> [Brief]
Report each line of the entries that contains the word "have", copied in full.

> [Input material]
lemma Jmat_Q: "Jmat ** Q = Jmat"
  by (simp add: Jmat_def matrix_matrix_mult_def vec_eq_iff sum_divide_distrib[symmetric] col_sum)

lemma Jmat_idem: "Jmat ** Jmat = (Jmat :: 'e rmat)"
  by (simp add: Jmat_def matrix_matrix_mult_def vec_eq_iff)

lemma trace_Jmat: "trace (Jmat :: 'e rmat) = 1"
  by (simp add: Jmat_def trace_def)

lemma Proj_comm: "Proj ** Q = Q ** Proj"
  by (simp add: Proj_def matrix_linear_simps Q_Jmat Jmat_Q)

lemma Proj_idem: "Proj ** Proj = (Proj :: 'e rmat)"
  by (simp add: Proj_def matrix_linear_simps Jmat_idem)

lemma Proj_symmetric: "transpose (Proj :: 'e rmat) = Proj"
  by (simp add: Proj_def Jmat_def mat_def transpose_def vec_eq_iff)

lemma trace_Proj: "trace (Proj :: 'e rmat) = real CARD('e) - 1"
  by (simp add: Proj_def trace_sub trace_Jmat trace_I)

lemma Lap_Proj: "Lap Q ** Proj = Lap Q"
  by (simp add: Proj_def Lap_def matrix_linear_simps Q_Jmat)

lemma Lap_comm: "Lap Q ** Q = Q ** Lap Q"
  by (simp add: Lap_def matrix_linear_simps)

lemma Rmat_comm: "B ** Q = Q ** B \<Longrightarrow> Rmat Q ** B = B ** Rmat Q"
  by (simp add: Rmat_def matrix_linear_simps)

lemma Rmat_Q: "Rmat Q ** Q = Q ** Rmat Q"
  by (simp add: Rmat_def matrix_linear_simps)

lemma Rmat_symmetric: "transpose (Rmat Q) = Rmat Q"
  by (simp add: Rmat_def mat_def entry_sym transpose_def vec_eq_iff)

lemma Rmat_inner: "v \<bullet> (Rmat Q *v w) = ((real CARD('e) - 2) / real CARD('e)) * (v \<bullet> w)
   + (2 / real CARD('e)) * ((Q *v v) \<bullet> w)"
  by (simp add: Rmat_def matrix_vector_mult_add_rdistrib matrix_vector_scaleR inner_add_right
      symmetric_inner_swap[OF symmetric])

lemma cone_Rmat: assumes "B \<in> cone Q" shows "Rmat Q ** B \<in> cone Q"
proof -
  from assms have comm: "B ** Q = Q ** B" and psd: "\<forall>v. 0 \<le> v \<bullet> (B *v v)"
    and psd_R: "\<forall>v. 0 \<le> v \<bullet> ((Rmat Q ** B) *v v)" by (auto simp: cone_def)
  have "(Rmat Q ** B) ** Q = Q ** (Rmat Q ** B)"
    by (metis comm Rmat_Q matrix_mul_assoc)
  moreover have "0 \<le> v \<bullet> ((Rmat Q ** (Rmat Q ** B)) *v v)" for v
  proof -
    have "v \<bullet> ((Rmat Q ** (Rmat Q ** B)) *v v) = v \<bullet> (Rmat Q *v ((Rmat Q ** B) *v v))"
      by (simp add: matrix_vector_mul_assoc)
    also have "\<dots> = (Rmat Q *v v) \<bullet> ((B ** Rmat Q) *v v)"
      by (simp add: symmetric_inner_swap[OF Rmat_symmetric] Rmat_comm[OF comm])
    also have "\<dots> = (Rmat Q *v v) \<bullet> (B *v (Rmat Q *v v))"
      by (simp add: matrix_vector_mul_assoc)
    finally show ?thesis using psd by simp
  qed
  ultimately show ?thesis using psd_R by (simp add: cone_def)
qed

(* Elements of the cone have nonnegative mean-zero trace tr (P B) = tr (P B P). *)
lemma cone_trace_Proj: assumes "B \<in> cone Q" shows "0 \<le> trace (Proj ** B)"
proof -
  have "trace (Proj ** B) = trace ((Proj ** B) ** Proj)"
    by (metis Proj_idem matrix_mul_assoc trace_mul_sym)
  also have "\<dots> \<ge> 0"
    by (rule trace_sandwich_nonneg) (use assms Proj_symmetric in \<open>auto simp: cone_def\<close>)
  finally show ?thesis .
qed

> [Solution to the problem]
  from assms have comm: "B ** Q = Q ** B" and psd: "\<forall>v. 0 \<le> v \<bullet> (B *v v)"
  have "(Rmat Q ** B) ** Q = Q ** (Rmat Q ** B)"
  moreover have "0 \<le> v \<bullet> ((Rmat Q ** (Rmat Q ** B)) *v v)" for v
    have "v \<bullet> ((Rmat Q ** (Rmat Q ** B)) *v v) = v \<bullet> (Rmat Q *v ((Rmat Q ** B) *v v))"
    also have "\<dots> = (Rmat Q *v v) \<bullet> ((B ** Rmat Q) *v v)"
    also have "\<dots> = (Rmat Q *v v) \<bullet> (B *v (Rmat Q *v v))"
(* Elements of the cone have nonnegative mean-zero trace tr (P B) = tr (P B P). *)
  have "trace (Proj ** B) = trace ((Proj ** B) ** Proj)"
  also have "\<dots> \<ge> 0"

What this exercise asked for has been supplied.